Friday, April 4, 2008

Vaccination fails to prevent pneumonia

Cornell University conducted an experiment to test the effectiveness of vaccination against parainfluenza3 (PI3) to prevent pneumonia in lambs in a flock in which over 9% of 2,657 lambs had died of Mannheimia (Pasteurella) haemolytica pneumonia. The experiment was carried out using 176 Dorset ewes and their 1/4 East Friesian lambs born from 15 March to 8 April 2002.

baby lambOne week before the start of the lambing season, 90 ewes were vaccinated with 1 ml of TSV-2®, a modified live bovine rhinotracheitis-parainfluenza3 vaccine, administered intranasally. Alternate litters of lambs within vaccinated (149 lambs) and control (137 lambs) ewe groups received 0.5 ml of TSV-2®. Death and treatment data through 66 days of age were analyzed.
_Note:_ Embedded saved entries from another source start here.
(* Let $n\le N$ and let $\boldsymbol A$ be an $n\times N$ random matrix with independent entries, each equal to $1$ with probability $p$ and to $-\tilde\sigma_p^2=-p/(1-p)$ with probability $1-p$, where $p$ is bounded away from $1$ and $n\ge C_0\log N$ for a sufficiently large constant $C_0$. Let $n_j$ be the number of entries equal to $1$ in column $j$ of $\boldsymbol A$, and define $\tilde{\boldsymbol A}$ by $\tilde A_{ij}=1$ if $A_{ij}=1$ and $\tilde A_{ij}=-n_j/(n-n_j)$ if $A_{ij}=-\tilde\sigma_p^2$. Then there are constants $c_1,c_2>0$ such that $$ \Pr\left(\|\boldsymbol A-\tilde{\boldsymbol A}\|\ge c_1\max\left\{\sqrt{\tilde\sigma_p^2N}\log N,\ (\log N)^{3/2}\right\}\right)\le c_2N^{-5}. $$
   Context: $\|\cdot\|$ denotes the spectral norm. Parameters $n,p$ may depend on $N$; constants are independent of $N$. (If $n_j=n$ the column of $\tilde{\boldsymbol A}$ has no entries of the second type, so the definition is well posed.) *)

theory Defs
  imports "HOL-Probability.Probability"
begin

definition spec_norm :: "nat \<Rightarrow> nat \<Rightarrow> (nat \<Rightarrow> nat \<Rightarrow> real) \<Rightarrow> real" where
  "spec_norm m k M = Sup {sqrt (\<Sum>i<m. (\<Sum>j<k. M i j * x j)^2) | x. (\<Sum>j<k. (x j)^2) \<le> 1}"

text \<open>Random sign pattern: omega (i,j) = True iff entry A_ij equals 1 (probability p).\<close>
definition pattern_pmf :: "nat \<Rightarrow> nat \<Rightarrow> real \<Rightarrow> (nat \<times> nat \<Rightarrow> bool) pmf" where
  "pattern_pmf n N p = Pi_pmf ({..<n} \<times> {..<N}) False (\<lambda>_. bernoulli_pmf p)"
text \<open>The density theorem for the simple \<open>\<H>\<close>-module isolates each coefficient of an expansion
  of \<open>u \<in> U\<close> along independent vectors of \<open>H\<close>.\<close>
lemma coefficient_in_slice:
  assumes U: "invariant_subspace sT \<rho>T U" and u: "u \<in> U"
    and B: "finite B" "H.independent B" "u = (\<Sum>b\<in>B. tp (g b) b)" and b: "b \<in> B"
  shows "g b \<in> slice U"
  unfolding slice_def mem_Collect_eq
proof
  fix k
  obtain X where X: "X \<in> RH.ops" "X b = k" "\<forall>h'\<in>B - {b}. X h' = 0"
    using RH.jacobson_density[OF simple_H countable_Hbasis B(1,2) b] by blast
  obtain Y where Y: "Y \<in> RT.ops" "\<forall>v h. Y (tp v h) = tp v (X h)"
    using lift_ops[OF X(1)] by blast
  have "Y u = (\<Sum>b'\<in>B. tp (g b') (X b'))"
    using B(3) by (simp add: lin_sum[OF RT.linear_ops[OF Y(1)]] Y(2))
  also have "\<dots> = tp (g b) (X b) + (\<Sum>b'\<in>B - {b}. tp (g b') (X b'))"
    using B(1) b by (simp add: sum.remove)
  also have "\<dots> = tp (g b) k" using X(2,3) by simp
  finally show "tp (g b) k \<in> U" using RT.ops_preserve_invariant[OF U Y(1) u] by simp
qed

lemma invariant_subspace_eq_span_slice:
  assumes U: "invariant_subspace sT \<rho>T U"
  shows "U = T.span {tp v h | v h. v \<in> slice U}"
proof
  have "T.subspace U" using U unfolding invariant_subspace_def by blast
  thus "T.span {tp v h | v h. v \<in> slice U} \<subseteq> U"
    by (intro T.span_minimal) (auto simp: slice_def)
  show "U \<subseteq> T.span {tp v h | v h. v \<in> slice U}"
  proof
    fix u assume u: "u \<in> U"
    interpret swapped: tensor_product sH sV sT "\<lambda>h v. tp v h" by (rule tensor_product_swap)
    obtain B g where B: "finite B" "H.independent B" "u = (\<Sum>b\<in>B. tp (g b) b)"
      using swapped.independent_expansion[of u] by blast
    have "tp (g b) b \<in> {tp v h | v h. v \<in> slice U}" if "b \<in> B" for b
      using coefficient_in_slice[OF U u B that] by blast
    thus "u \<in> T.span {tp v h | v h. v \<in> slice U}"
      unfolding B(3) by (intro T.span_sum T.span_base)
  qed
qed

lemma invariant_span_tp:
  assumes V': "invariant_subspace sV \<rho>V V'"
  shows "invariant_subspace sT \<rho>T (T.span {tp v h | v h. v \<in> V'})"
  unfolding invariant_subspace_def
proof (intro conjI allI ballI)
  have sub: "V.subspace V'" and inv: "\<And>y v. v \<in> V' \<Longrightarrow> \<rho>V y v \<in> V'"
    using V' unfolding invariant_subspace_def by auto
  have VL_in: "VL \<rho>V x v \<in> V'" if "v \<in> V'" for x v
    using that inv V.subspace_0[OF sub] by (cases x) (auto simp: VL_def)
  fix x u assume "u \<in> T.span {tp v h | v h. v \<in> V'}"
  thus "\<rho>T x u \<in> T.span {tp v h | v h. v \<in> V'}"
  proof (induction rule: T.span_induct_alt)
    case base
    then show ?case by (simp add: lin_zero[OF RT.linear_\<rho>] T.span_zero)
  next
    case (step a b y)
    then obtain v h where vh: "b = tp v h" "v \<in> V'" by blast
    have "\<rho>T x b \<in> T.span {tp v h | v h. v \<in> V'}"
      unfolding vh(1) act using VL_in[OF vh(2)] vh(2) by (intro T.span_add T.span_base) blast+
    thus ?case using step(2)
      by (simp add: lin_add[OF RT.linear_\<rho>] lin_scale[OF RT.linear_\<rho>] T.span_add T.span_scale)
  qed
qed simp

lemma simple_V_if_simple_T:
  assumes simple_T: "simple_rep sT \<rho>T"
  shows "simple_rep sV \<rho>V"
  unfolding simple_rep_def
proof (intro conjI allI impI)
  obtain h0 :: 'h where h0: "h0 \<noteq> 0" using ex_nonzero_H by blast
  show "\<exists>v::'v. v \<noteq> 0"
    using simple_rep_nonzero[OF simple_T] T_trivial_if_V_trivial by blast
  fix V' assume V': "invariant_subspace sV \<rho>V V'"
  have sub: "V.subspace V'" using V' unfolding invariant_subspace_def by blast
  have "T.span {tp v h | v h. v \<in> V'} = {0} \<or> T.span {tp v h | v h. v \<in> V'} = UNIV"
    by (rule simple_rep_invariant[OF simple_T invariant_span_tp[OF V']])
  thus "V' = {0} \<or> V' = UNIV"
    using subset_0_if_span_tp_eq_0[OF _ h0] subspace_eq_UNIV_if_span_tp_UNIV[OF sub _ h0]
      V.subspace_0[OF sub] by blast
qed

lemma simple_T_if_simple_V:
  assumes simple_V: "simple_rep sV \<rho>V"
  shows "simple_rep sT \<rho>T"
  unfolding simple_rep_def
proof (intro conjI allI impI)
  obtain h0 :: 'h where "h0 \<noteq> 0" using ex_nonzero_H by blast
  moreover obtain v0 :: 'v where "v0 \<noteq> 0" using simple_rep_nonzero[OF simple_V] by blast
  ultimately show "\<exists>t::'t. t \<noteq> 0" using tp_eq_0_iff by blast
  fix U assume U: "invariant_subspace sT \<rho>T U"
  have "slice U = {0} \<or> slice U = UNIV"
    by (rule simple_rep_invariant[OF simple_V invariant_slice[OF U]])
  moreover have "{tp v h | v h. v \<in> {0}} = {0}" by auto
  ultimately show "U = {0} \<or> U = UNIV"
    using invariant_subspace_eq_span_slice[OF U] span_tp T.span_insert_0[of "{}"] T.span_empty by auto
qed

lemma simple_T_iff_simple_V: "simple_rep sT \<rho>T \<longleftrightarrow> simple_rep sV \<rho>V"
  using simple_V_if_simple_T simple_T_if_simple_V by blast

end

section \<open>Isomorphisms\<close>

lemma VL_intertwine:
  assumes f: "Vector_Spaces.linear s1 s2 f" and c: "\<And>y v. f (\<rho> y v) = \<rho>' y (f v)"
  shows "f (VL \<rho> x v) = VL \<rho>' x (f v)"
  by (cases x) (simp_all add: VL_def c lin_zero[OF f])
(* Let $(X_k)_{k\ge0}$ be a random walk with $X_0=0$, $\mathbb{P}[X_{k+1}=X_k+1]=q$ and $\mathbb{P}[X_{k+1}=X_k-1]=p$, where $p+q=1$ and $q<p$. Let $\nu=\inf\{i\ge0: X_i=-1\}$ and for $n\ge0$ let $$u_n(X)=\sum_{i=1}^{\nu}\mathbf 1_{(X_i<n)\wedge(X_i<X_{i-1})},\qquad v_n(X)=\sum_{i=1}^{\nu}X_i\,\mathbf 1_{(X_i<n)\wedge(X_i<X_{i-1})}.$$ Then $$\mathbb{E}[u_n(X)]=\frac{p}{p-q}\Bigl(1-\Bigl(\frac qp\Bigr)^{n+1}\Bigr),\qquad \mathbb{E}[v_n(X)]=\frac{p}{(p-q)^2}\Bigl(2q-p-\bigl(q+n(p-q)\bigr)\Bigl(\frac qp\Bigr)^{n+1}\Bigr).$$ *)

theory Defs
  imports "HOL-Probability.Probability"
begin

text \<open>Canonical model: the sample space is the set of boolean sequences
  (True = up-step, False = down-step), with the infinite product of
  Bernoulli(q) measures.\<close>

definition rw_space :: "real \<Rightarrow> (nat \<Rightarrow> bool) measure" where
  "rw_space q = PiM UNIV (\<lambda>_. measure_pmf (bernoulli_pmf q))"

definition walk :: "(nat \<Rightarrow> bool) \<Rightarrow> nat \<Rightarrow> int" where
  "walk \<omega> k = (\<Sum>j<k. if \<omega> j then 1 else -1)"

text \<open>nu = inf {i >= 0. X_i = -1}; on the (null) event that -1 is never hit
  we use the convention nu = 0.\<close>
definition hit_time :: "(nat \<Rightarrow> bool) \<Rightarrow> nat" where
  "hit_time \<omega> = (if \<exists>i. walk \<omega> i = -1 then (LEAST i. walk \<omega> i = -1) else 0)"

definition u_fun :: "nat \<Rightarrow> (nat \<Rightarrow> bool) \<Rightarrow> real" where
  "u_fun n \<omega> = (\<Sum>i\<in>{1..hit_time \<omega>}.
      if walk \<omega> i < int n \<and> walk \<omega> i < walk \<omega> (i - 1) then 1 else 0)"

definition v_fun :: "nat \<Rightarrow> (nat \<Rightarrow> bool) \<Rightarrow> real" where
  "v_fun n \<omega> = (\<Sum>i\<in>{1..hit_time \<omega>}.
      if walk \<omega> i < int n \<and> walk \<omega> i < walk \<omega> (i - 1)
      then real_of_int (walk \<omega> i) else 0)"

end

theory Submission
  imports Defs
begin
Total deaths of lambs born alive were fewer and deaths due to pneumonia or unknown causes were fewer in the vaccinated than in the control groups, although the effect of vaccination was not statistically significant.
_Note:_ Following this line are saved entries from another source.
lemma integral_mult_exp_truncated_le:
  fixes F :: "'a measure" and e Z :: "'a \<Rightarrow> real"
  assumes subalg: "subalgebra M F"
    and e [measurable]: "e \<in> borel_measurable M" and e_integrable: "integrable M e"
    and martingale_difference: "AE w in M. real_cond_exp M F e w = 0"
    and moment: "AE w in M. nn_cond_exp M F (\<lambda>w. ennreal ((e w)\<^sup>2 * exp (\<bar>e w\<bar> powr \<alpha>))) w \<le> ennreal u"
    and u: "0 \<le> u"
    and Z: "Z \<in> borel_measurable F" and Z_nonneg: "\<And>w. 0 \<le> Z w" and Z_bounded: "\<And>w. Z w \<le> B"
    and \<alpha>: "0 < \<alpha>" "\<alpha> < 1" and l: "0 < l" and y: "0 < y"
    and ly: "l * y powr (1 - \<alpha>) \<le> 1" and a: "\<bar>a\<bar> \<le> 1"
  shows "(\<integral>w. Z w * exp (l * min (a * e w) y) \<partial>M) \<le> (\<integral>w. Z w \<partial>M) * (1 + l\<^sup>2 * a\<^sup>2 * u / 2)"
proof -
  have [measurable]: "Z \<in> borel_measurable M" using measurable_from_subalg[OF subalg Z] .
  define W where "W w = (e w)\<^sup>2 * exp (\<bar>e w\<bar> powr \<alpha>)" for w
  have W_integral: "integrable M (\<lambda>w. Z w * W w)" "(\<integral>w. Z w * W w \<partial>M) \<le> (\<integral>w. Z w \<partial>M) * u"
    using integral_mult_le_if_nn_cond_exp_le[OF subalg _ _ moment u Z Z_nonneg Z_bounded]
    unfolding W_def by auto
  have Z_abs_bounded: "\<bar>Z w\<bar> \<le> B" for w using Z_nonneg Z_bounded by (simp add: abs_of_nonneg)
  note e_integral = integral_mult_eq_0_if_real_cond_exp_eq_0[OF subalg e_integrable martingale_difference Z Z_abs_bounded]
  have Z_integrable: "integrable M Z"
    by (rule integrable_const_bound[where B=B]) (use Z_nonneg Z_bounded in auto)
  have "(\<integral>w. Z w * exp (l * min (a * e w) y) \<partial>M) \<le>
        (\<integral>w. Z w + (l * a) * (Z w * e w) + (l\<^sup>2 * a\<^sup>2 / 2) * (Z w * W w) \<partial>M)"
  proof (rule integral_mono)
    show "integrable M (\<lambda>w. Z w * exp (l * min (a * e w) y))"
    proof (rule integrable_const_bound[where B="B * exp (l * y)"])
      show "AE w in M. norm (Z w * exp (l * min (a * e w) y)) \<le> B * exp (l * y)"
      proof (intro AE_I2)
        fix w
        have "exp (l * min (a * e w) y) \<le> exp (l * y)" using l by (simp add: mult_left_mono)
        then show "norm (Z w * exp (l * min (a * e w) y)) \<le> B * exp (l * y)"
          using Z_nonneg[of w] Z_bounded[of w] by (simp add: abs_mult mult_mono)
      qed
    qed simp
    show "Z w * exp (l * min (a * e w) y) \<le> Z w + (l * a) * (Z w * e w) + (l\<^sup>2 * a\<^sup>2 / 2) * (Z w * W w)"
      for w
      using mult_left_mono[OF exp_truncated_le_quadratic[OF \<alpha> l y ly a, of "e w"] Z_nonneg[of w]]
      by (simp add: W_def algebra_simps)
  qed (use Z_integrable e_integral W_integral in auto)
  also have "\<dots> = (\<integral>w. Z w \<partial>M) + (l\<^sup>2 * a\<^sup>2 / 2) * (\<integral>w. Z w * W w \<partial>M)"
    using Z_integrable W_integral e_integral by simp
  also have "\<dots> \<le> (\<integral>w. Z w \<partial>M) * (1 + l\<^sup>2 * a\<^sup>2 * u / 2)"
    using mult_left_mono[OF W_integral(2), of "l\<^sup>2 * a\<^sup>2 / 2"] by (simp add: algebra_simps)
  finally show ?thesis .
qed

end

lemma abs_le_one_if_sum_power2_le_one:
  fixes a :: "nat \<Rightarrow> real"
  assumes "(\<Sum>k\<in>K. (a k)\<^sup>2) \<le> 1" and "finite K" and "k \<in> K"
  shows "\<bar>a k\<bar> \<le> 1"
proof -
  have "(a k)\<^sup>2 \<le> (\<Sum>k\<in>K. (a k)\<^sup>2)" using assms(2,3) by (intro member_le_sum) auto
  then show ?thesis using assms(1) abs_square_le_1 by fastforce
qed

lemma (in prob_space) measure_indep_var_le_if_sections_le:
  assumes indep: "indep_var N X N' Y" and Q: "Q \<in> sets (N \<Otimes>\<^sub>M N')" and b: "0 \<le> b"
    and sections: "\<And>c. c \<in> space N \<Longrightarrow> measure M {w \<in> space M. (c, Y w) \<in> Q} \<le> b"
  shows "measure M {w \<in> space M. (X w, Y w) \<in> Q} \<le> b"
proof -
  have [measurable]: "X \<in> measurable M N" "Y \<in> measurable M N'"
    and joint: "distr M N X \<Otimes>\<^sub>M distr M N' Y = distr M (N \<Otimes>\<^sub>M N') (\<lambda>w. (X w, Y w))"
    using indep unfolding indep_var_distribution_eq by auto
  interpret PX: prob_space "distr M N X" by (rule prob_space_distr) simp
  interpret PY: prob_space "distr M N' Y" by (rule prob_space_distr) simp
  have "emeasure M {w \<in> space M. (X w, Y w) \<in> Q} = emeasure (distr M N X \<Otimes>\<^sub>M distr M N' Y) Q"
    using Q unfolding joint by (subst emeasure_distr) (auto intro!: arg_cong[where f="emeasure M"])
  also have "\<dots> = (\<integral>\<^sup>+c. emeasure (distr M N' Y) (Pair c -` Q) \<partial>distr M N X)"
    using Q by (intro PY.emeasure_pair_measure_alt) simp
  also have "\<dots> \<le> (\<integral>\<^sup>+c. ennreal b \<partial>distr M N X)"
  proof (rule nn_integral_mono)
    fix c assume "c \<in> space (distr M N X)"
    then have c: "c \<in> space N" by simp
    have "emeasure (distr M N' Y) (Pair c -` Q) = emeasure M {w \<in> space M. (c, Y w) \<in> Q}"
      using Q by (subst emeasure_distr) (auto intro!: arg_cong[where f="emeasure M"])
    also have "\<dots> \<le> ennreal b"
      using sections[OF c] by (simp add: emeasure_eq_measure ennreal_leI)
    finally show "emeasure (distr M N' Y) (Pair c -` Q) \<le> ennreal b" .
  qed
  also have "\<dots> = ennreal b" using PX.emeasure_space_1 by simp
  finally show ?thesis using b by (simp add: emeasure_eq_measure)
qed

lemma lse_error_mult_sqrt:
  fixes phi eps X :: "nat \<Rightarrow> 'a \<Rightarrow> real"
  assumes model: "\<And>k. X k w = \<theta> * phi k w + eps k w"
  shows "(lse phi X n w - \<theta>) * sqrt (\<Sum>k=1..n. (phi k w)\<^sup>2)
    = (\<Sum>k=1..n. phi k w * eps k w) / sqrt (\<Sum>k=1..n. (phi k w)\<^sup>2)"
proof -
  define S where "S = (\<Sum>k=1..n. (phi k w)\<^sup>2)"
  have "(\<Sum>k=1..n. phi k w * X k w) = \<theta> * S + (\<Sum>k=1..n. phi k w * eps k w)"
    by (simp add: S_def model algebra_simps power2_eq_square sum.distrib sum_distrib_left)
  moreover have "0 \<le> S" by (simp add: S_def sum_nonneg)
  ultimately show ?thesis
    unfolding lse_def S_def[symmetric]
    by (cases "S = 0") (simp_all add: field_simps real_sqrt_mult[symmetric])
qed

definition subexp_tail :: "real \<Rightarrow> real \<Rightarrow> real \<Rightarrow> real" where
  "subexp_tail \<alpha> u x =
     (if x < u powr (1 / (2 - \<alpha>)) then 2 * exp (- (x\<^sup>2 / (2 * u)))
      else 2 * exp (- (1/2) * x powr \<alpha>))"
Through 66 days of age when the first lamb was sold, only 10 lambs, or 3.5% of those born alive, died of pneumonia with about equal proportions in the four ewe and lamb vaccination groups. Through 220 days of age, more control lambs died, but the survival analysis found no statistically significant differences among vaccination groups in total death loss nor in the proportion treated, dying, or both due to pneumonia.

Although overall deaths were non-significantly higher in control lambs, vaccination against PI3 did not appear to reduce the incidence of pneumonia in this flock.